Stacie Cassarino (’97 & Visiting Assistant Professor of English and American Literatures) is the author of the poetry collection Zero at the Bone (2009), which received the Lambda Literary Award and the Audre Lorde Award, and a critical work, Culinary Poetics and Edible Images in Twentieth-Century American Literature (2018). She was awarded the 92Y “Discovery”/The Nation prize. Her poems have appeared in Poetry Northwest, Agni, Crazyhorse, Gulf Coast, the New Republic, and elsewhere. She lives in Vermont with her three daughters and teaches at Middlebury College.
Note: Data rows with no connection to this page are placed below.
(* Let $p>2$ be an integer, $\theta\in(0,1)$, $\bm D_0\in\mathbb O(n)$, let $\bm X\in\mathbb R^{n\times r}$ have i.i.d. $\mathcal{BG}(\theta)$ entries, and $\bm Y=\bm D_0\bm X$. Then the set of global maximizers of $\bm A\mapsto\mathbb E_{\bm Y}\|\bm A\bm Y\|_p^p$ over $\bm A\in\mathbb O(n)$ is exactly $\{\bm A:\ \bm A^*=\bm D_0\bm\Pi,\ \bm\Pi\in\mathrm{SP}(n)\}$.
   Context: $\mathcal{BG}(\theta)$ (Bernoulli–Gaussian) is the law of $x=b\cdot g$ with $b\sim\mathrm{Ber}(\theta)$ and $g\sim\mathcal N(0,1)$ independent. $\mathbb O(n)$ is the group of real $n\times n$ orthogonal matrices; $\mathrm{SP}(n)$ is the group of signed permutation matrices. For a matrix $\bm M$, $\|\bm M\|_p^p=\sum_{i,j}|M_{ij}|^p$; $\bm A^*$ denotes the transpose. *)

theory Defs
  imports "HOL-Probability.Probability"
begin

definition std_gaussian :: "real measure" where
  "std_gaussian = density lborel std_normal_density"

definition BG :: "real \<Rightarrow> real measure" where
  "BG \<theta> = distr (measure_pmf (bernoulli_pmf \<theta>) \<Otimes>\<^sub>M std_gaussian) borel
              (\<lambda>(b, g). (if b then 1 else 0) * g)"

definition BG_matrix :: "real \<Rightarrow> ('n::finite \<times> 'r::finite \<Rightarrow> real) measure" where
  "BG_matrix \<theta> = PiM UNIV (\<lambda>_. BG \<theta>)"

definition to_mat :: "('n::finite \<times> 'r::finite \<Rightarrow> real) \<Rightarrow> real^'r^'n" where
  "to_mat x = (\<chi> i j. x (i, j))"

definition entry_pnorm_pow :: "nat \<Rightarrow> real^'m::finite^'n::finite \<Rightarrow> real" where
  "entry_pnorm_pow p M = (\<Sum>i\<in>UNIV. \<Sum>j\<in>UNIV. \<bar>M $ i $ j\<bar> ^ p)"

definition signed_perm_matrices :: "(real^'n::finite^'n) set" where
  "signed_perm_matrices = {P. \<exists>\<sigma> s. \<sigma> permutes (UNIV::'n set) \<and> (\<forall>j. s j = 1 \<or> s j = -1) \<and>
       P = (\<chi> i j. if i = \<sigma> j then s j else 0)}"

definition objective :: "nat \<Rightarrow> real \<Rightarrow> real^'n::finite^'n \<Rightarrow> real^'n^'n \<Rightarrow> ('r::finite) itself \<Rightarrow> real" where
  "objective p \<theta> D0 A _ = (\<integral>X. entry_pnorm_pow p (A ** (D0 ** (to_mat X :: real^'r^'n)))
       \<partial>(BG_matrix \<theta> :: ('n \<times> 'r \<Rightarrow> real) measure))"

end

theory Submission
  imports Defs
begin

text \<open>Write \<open>W = A D0\<close>, so that \<open>A Y = W X\<close>. Each entry of \<open>W X\<close> is a linear form \<open>\<langle>w, x\<rangle>\<close> in
  i.i.d.\ BG(\<open>\<theta>\<close>) variables; given the support \<open>S\<close> of the Bernoulli factors it is Gaussian
  with variance \<open>\<parallel>w\<^sub>S\<parallel>\<^sup>2\<close>, so \<open>E |\<langle>w, x\<rangle>|\<^sup>p = E |g|\<^sup>p \<Sum>\<^sub>S P(S) \<parallel>w\<^sub>S\<parallel>\<^sup>p\<close>. For a row \<open>w\<close> of the
  orthogonal matrix \<open>W\<close> we have \<open>\<parallel>w\<^sub>S\<parallel> \<le> 1\<close>, hence \<open>\<parallel>w\<^sub>S\<parallel>\<^sup>p \<le> \<parallel>w\<^sub>S\<parallel>\<^sup>2\<close> for \<open>p > 2\<close>, with
  equality iff \<open>\<parallel>w\<^sub>S\<parallel> \<in> {0, 1}\<close>; and \<open>\<Sum>\<^sub>S P(S) \<parallel>w\<^sub>S\<parallel>\<^sup>2 = \<theta>\<close>. So over orthogonal \<open>A\<close> the
  objective is at most \<open>n r \<theta> E |g|\<^sup>p\<close>, attained at \<open>A = D0\<^sup>*\<close>, and attained exactly when every
  entry of \<open>W\<close> lies in \<open>{0, \<plusminus>1}\<close>, i.e.\ when \<open>W\<^sup>*\<close> is a signed permutation.\<close>

lemma prob_space_std_gaussian: "prob_space std_gaussian"
  unfolding std_gaussian_def by (rule prob_space_normal_density) simp

lemma sets_std_gaussian [measurable_cong, simp]: "sets std_gaussian = sets borel"
  by (simp add: std_gaussian_def)

lemma space_std_gaussian [simp]: "space std_gaussian = UNIV"
  by (simp add: std_gaussian_def)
Richard Hawley (’67), a writer of fiction, poetry, and literary nonfiction, has published more than thirty books and monographs. His work has appeared in the New York Times, the Atlantic, American Film, Commonweal, America, Orion, the New England Journal of Medicine, the Christian Science Monitor, and others.  He is the former headmaster of University School in Cleveland and the founding president of the International Boys Schools Coalition. For ten years he taught fiction and nonfiction writing at the Bread Loaf Writers’ Conference.
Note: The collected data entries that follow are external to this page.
lemma eval1_fps_const_mult:
  "(\<p> :: 'p::nontriv_card padic) dvd b \<Longrightarrow> eval1 (fps_const c * g) b = c * eval1 g b"
proof (rule eval1_eqI)
  fix K
  assume "\<p> dvd b"
  have "partial_sum1 (fps_const c * g) b K = c * partial_sum1 g b K"
    by (simp add: partial_sum1_def sum_distrib_left mult.assoc)
  then have "c * eval1 g b - partial_sum1 (fps_const c * g) b K = c * (eval1 g b - partial_sum1 g b K)"
    by (simp add: right_diff_distrib)
  then show "\<p> ^ K dvd c * eval1 g b - partial_sum1 (fps_const c * g) b K"
    using eval1_approx[OF \<open>\<p> dvd b\<close>, of K g] by simp
qed

section \<open>Formal group laws\<close>

definition subst_YZ_0 :: "'a::comm_ring_1 fps fps fps \<Rightarrow> 'a fps" where
  "subst_YZ_0 T = Abs_fps (\<lambda>a. T $ a $ 0 $ 0)"

lemma subst_YZ_0_nth: "subst_YZ_0 T $ a = T $ a $ 0 $ 0"
  by (simp add: subst_YZ_0_def)

lemma subst_YZ_0_mult: "subst_YZ_0 (S * T) = subst_YZ_0 S * subst_YZ_0 T"
  by (rule fps_ext) (simp add: subst_YZ_0_nth fps_mult_nth fps_sum_nth)

lemma subst_YZ_0_power: "subst_YZ_0 (T ^ n) = subst_YZ_0 T ^ n"
proof (induction n)
  case 0
  show ?case by (rule fps_ext) (simp add: subst_YZ_0_nth)
qed (simp add: subst_YZ_0_mult)

lemma subst_YZ_0_X3: "subst_YZ_0 (X3 :: 'a::comm_ring_1 fps fps fps) = fps_X"
  by (rule fps_ext) (simp add: subst_YZ_0_nth X3_def)

lemma subst_YZ_0_Y3: "subst_YZ_0 (Y3 :: 'a::comm_ring_1 fps fps fps) = 0"
  by (rule fps_ext) (simp add: subst_YZ_0_nth Y3_def)

lemma subst_YZ_0_Z3: "subst_YZ_0 (Z3 :: 'a::comm_ring_1 fps fps fps) = 0"
  by (rule fps_ext) (simp add: subst_YZ_0_nth Z3_def)

lemma subst_YZ_0_subst2_3:
  assumes "subst_YZ_0 V = 0"
  shows "subst_YZ_0 (subst2_3 F U V) = Abs_fps (\<lambda>i. F $ i $ 0) oo subst_YZ_0 U"
proof (rule fps_ext)
  fix a
  have "subst_YZ_0 (subst2_3 F U V) $ a
      = (\<Sum>i\<le>a. \<Sum>j\<le>a. F $ i $ j * (subst_YZ_0 U ^ i * subst_YZ_0 V ^ j) $ a)"
    by (simp add: subst_YZ_0_nth subst2_3_def subst_YZ_0_power[symmetric] subst_YZ_0_mult[symmetric])
  also have "\<dots> = (\<Sum>i\<le>a. F $ i $ 0 * (subst_YZ_0 U ^ i) $ a)"
    by (simp add: assms sum.atMost_shift power_0_left del: sum.atMost_Suc)
  finally show "subst_YZ_0 (subst2_3 F U V) $ a = (Abs_fps (\<lambda>i. F $ i $ 0) oo subst_YZ_0 U) $ a"
    by (simp add: fps_compose_nth atLeast0AtMost)
qed

lemma fps_compose_idempotent_eq_X:
  fixes g :: "'a::comm_ring_1 fps"
  assumes g0: "g $ 0 = 0" and g1: "g $ 1 = 1" and idem: "g oo g = g"
  shows "g = fps_X"
proof (rule fps_ext)
  fix n
  show "g $ n = fps_X $ n"
  proof (induction n rule: less_induct)
    case (less a)
    show ?case
    proof (cases "a < 2")
      case True
      then have "a = 0 \<or> a = 1" by auto
      then show ?thesis using g0 g1 by auto
    next
      case False
      \<comment> \<open>the middle coefficients vanish by induction, leaving
        \<open>g $ 1 * g $ a + g $ a * g $ 1 ^ a\<close>\<close>
      have "(g oo g) $ a = (\<Sum>i\<in>{1, a}. g $ i * (g ^ i) $ a)"
        unfolding fps_compose_nth
      proof (rule sum.mono_neutral_right)
        show "\<forall>i\<in>{0..a} - {1, a}. g $ i * (g ^ i) $ a = 0"
          using less.IH g0 by auto
      qed (use False in auto)
      also have "\<dots> = g $ a + g $ a"
        using False g1 by (simp add: startsby_zero_power_nth_same[OF g0])
      finally have "g $ a = 0" using idem by simp
      then show ?thesis using False by simp
    qed
  qed
qed

lemma formal_group_law_X_0:
  fixes F :: "'a::comm_ring_1 fps fps"
  assumes fgl: "formal_group_law F"
  shows "F $ i $ 0 = (if i = 1 then 1 else 0)"
proof -
  define g where "g = Abs_fps (\<lambda>i. F $ i $ 0)"
  have g0: "g $ 0 = 0" and g1: "g $ 1 = 1" using fgl by (simp_all add: g_def formal_group_law_def)
  have XY: "subst_YZ_0 (subst2_3 F X3 Y3) = g"
    by (simp add: subst_YZ_0_subst2_3 subst_YZ_0_X3 subst_YZ_0_Y3 g_def)
  have YZ: "subst_YZ_0 (subst2_3 F Y3 Z3) = 0"
    using g0 by (simp add: subst_YZ_0_subst2_3 subst_YZ_0_Y3 subst_YZ_0_Z3 flip: g_def)
  have "subst2_3 F (subst2_3 F X3 Y3) Z3 = subst2_3 F X3 (subst2_3 F Y3 Z3)"
    using fgl by (simp add: formal_group_law_def)
  then have "g oo g = g"
    using subst_YZ_0_subst2_3[OF subst_YZ_0_Z3, of F "subst2_3 F X3 Y3"]
      subst_YZ_0_subst2_3[OF YZ, of F X3]
    by (simp add: XY subst_YZ_0_X3 flip: g_def)
  then have "g = fps_X" using g0 g1 by (rule fps_compose_idempotent_eq_X[rotated 2])
  then show ?thesis by (metis fps_X_nth fps_nth_Abs_fps g_def)
qed

lemma fgl_mult_nth_0: "F $ 0 $ 0 = 0 \<Longrightarrow> fgl_mult F n $ 0 = 0"
  by (cases n) (simp_all add: subst2_1_def)

section \<open>The orbit of a point under translation by the group law\<close>

lemma fgl_term_diff_dvd:
  fixes F :: "'a::comm_ring_1 fps fps"
  assumes fgl: "formal_group_law F" and "m dvd a" "m dvd b" "m dvd c"
    and ij: "(i, j) \<notin> {(1, 0), (1, 1)}"
  shows "m * c * (a - b) dvd F $ i $ j * (a ^ i - b ^ i) * c ^ j"
proof -
  consider "i = 0" | "i \<ge> 2" "j = 0" | "i = 1" "j \<ge> 2" | "i \<ge> 2" "j \<ge> 1"
    using ij by fastforce
  then show ?thesis
  proof cases
    case 2
    then show ?thesis using formal_group_law_X_0[OF fgl, of i] by simp
  next
    case 3
    then obtain j' where "j = Suc (Suc j')" by (metis add_2_eq_Suc le_Suc_ex)
    moreover obtain c' where "c = m * c'" using \<open>m dvd c\<close> by blast
    ultimately have "F $ i $ j * (a ^ i - b ^ i) * c ^ j = m * c * (a - b) * (F $ 1 $ j * c' * c ^ j')"
      using 3 by (simp add: algebra_simps)
    then show ?thesis by simp
  next
    case 4
    \<comment> \<open>\<open>a ^ i - b ^ i = (a - b) * \<Sum>k<i. b ^ (i - Suc k) * a ^ k\<close>, and each summand is
      divisible by \<open>m\<close> as \<open>i \<ge> 2\<close>\<close>
    have "m dvd b ^ (i - Suc k) * a ^ k" if "k < i" for k
    proof (cases k)
      case 0
      then have "b dvd b ^ (i - Suc k)" using 4 by simp
      then show ?thesis using \<open>m dvd b\<close> by (meson dvd_mult2 dvd_trans)
    qed (use \<open>m dvd a\<close> in simp)
    then obtain S where "(\<Sum>k<i. b ^ (i - Suc k) * a ^ k) = m * S" by (meson dvd_sum lessThan_iff dvdE)
    moreover obtain j' where "j = Suc j'" using 4 by (cases j) auto
    ultimately have "F $ i $ j * (a ^ i - b ^ i) * c ^ j = m * c * (a - b) * (F $ i $ j * S * c ^ j')"
      by (simp add: power_diff_sumr2 algebra_simps)
    then show ?thesis by simp
  qed simp
qed

lemma (in prime_card) fgl_eval_diff:
  fixes F :: "'p padic fps fps"
  assumes fgl: "formal_group_law F" and a: "\<p> dvd a" and b: "\<p> dvd b" and c: "\<p> dvd c"
  shows "\<exists>r. eval2 F a c - eval2 F b c = (a - b) * (1 + F $ 1 $ 1 * c) + \<p> * c * (a - b) * r"
proof -
  define d where "d = \<p> * c * (a - b)"
  define s where "s = eval2 F a c - eval2 F b c - (a - b) * (1 + F $ 1 $ 1 * c)"
  define t where "t = (\<lambda>(i, j). F $ i $ j * (a ^ i - b ^ i) * c ^ j)"
  have "\<exists>r. \<p> ^ K dvd s - d * r" for K
  proof -
    define K' where "K' = K + 2"
    define I where "I = {..<K'} \<times> {..<K'}"
    have "partial_sum2 F a c K' - partial_sum2 F b c K' = (\<Sum>i<K'. \<Sum>j<K'. t (i, j))"
      unfolding partial_sum2_def sum_subtractf[symmetric] by (simp add: t_def algebra_simps)
    also have "\<dots> = sum t I" by (simp add: I_def sum.cartesian_product)
    also have "\<dots> = sum t (I - {(1, 0), (1, 1)}) + sum t {(1, 0), (1, 1)}"
      by (rule sum.subset_diff) (auto simp: I_def K'_def)
    also have "sum t {(1, 0), (1, 1)} = (a - b) * (1 + F $ 1 $ 1 * c)"
      using formal_group_law_X_0[OF fgl, of 1] by (simp add: t_def algebra_simps)
    finally have "partial_sum2 F a c K' - partial_sum2 F b c K'
        = sum t (I - {(1, 0), (1, 1)}) + (a - b) * (1 + F $ 1 $ 1 * c)" .
    moreover have "d dvd sum t (I - {(1, 0), (1, 1)})"
      using fgl_term_diff_dvd[OF fgl a b c] by (intro dvd_sum) (auto simp: d_def t_def)
    then obtain r where "sum t (I - {(1, 0), (1, 1)}) = d * r" by blast
    ultimately have "s - d * r = (eval2 F a c - partial_sum2 F a c K')
        - (eval2 F b c - partial_sum2 F b c K')"
      by (simp add: s_def algebra_simps)
    moreover have "\<p> ^ K dvd \<p> ^ K'" by (simp add: K'_def le_imp_power_dvd)
    ultimately have "\<p> ^ K dvd s - d * r"
      using dvd_diff[OF eval2_approx[OF a c] eval2_approx[OF b c]] by (metis dvd_trans)
    then show ?thesis by blast
  qed
  then obtain r where "s = d * r" by (meson dvd_if_approx_by_multiples dvdE)
  then show ?thesis by (auto simp: s_def d_def algebra_simps)
qed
Matthew Wilson (’22), who just graduated from Middlebury with a degree in English & American Literatures, grew up in East Burke, Vermont, where he attended Burke Mountain Academy as an elite Alpine ski racer. His work to date is grounded in place and person, weaving together the physical and psychological experience of growing up in the Northeast Kingdom. In the future, he intends to apply to MFA programs where he will develop a keener sense of language and expand his writer’s mind.  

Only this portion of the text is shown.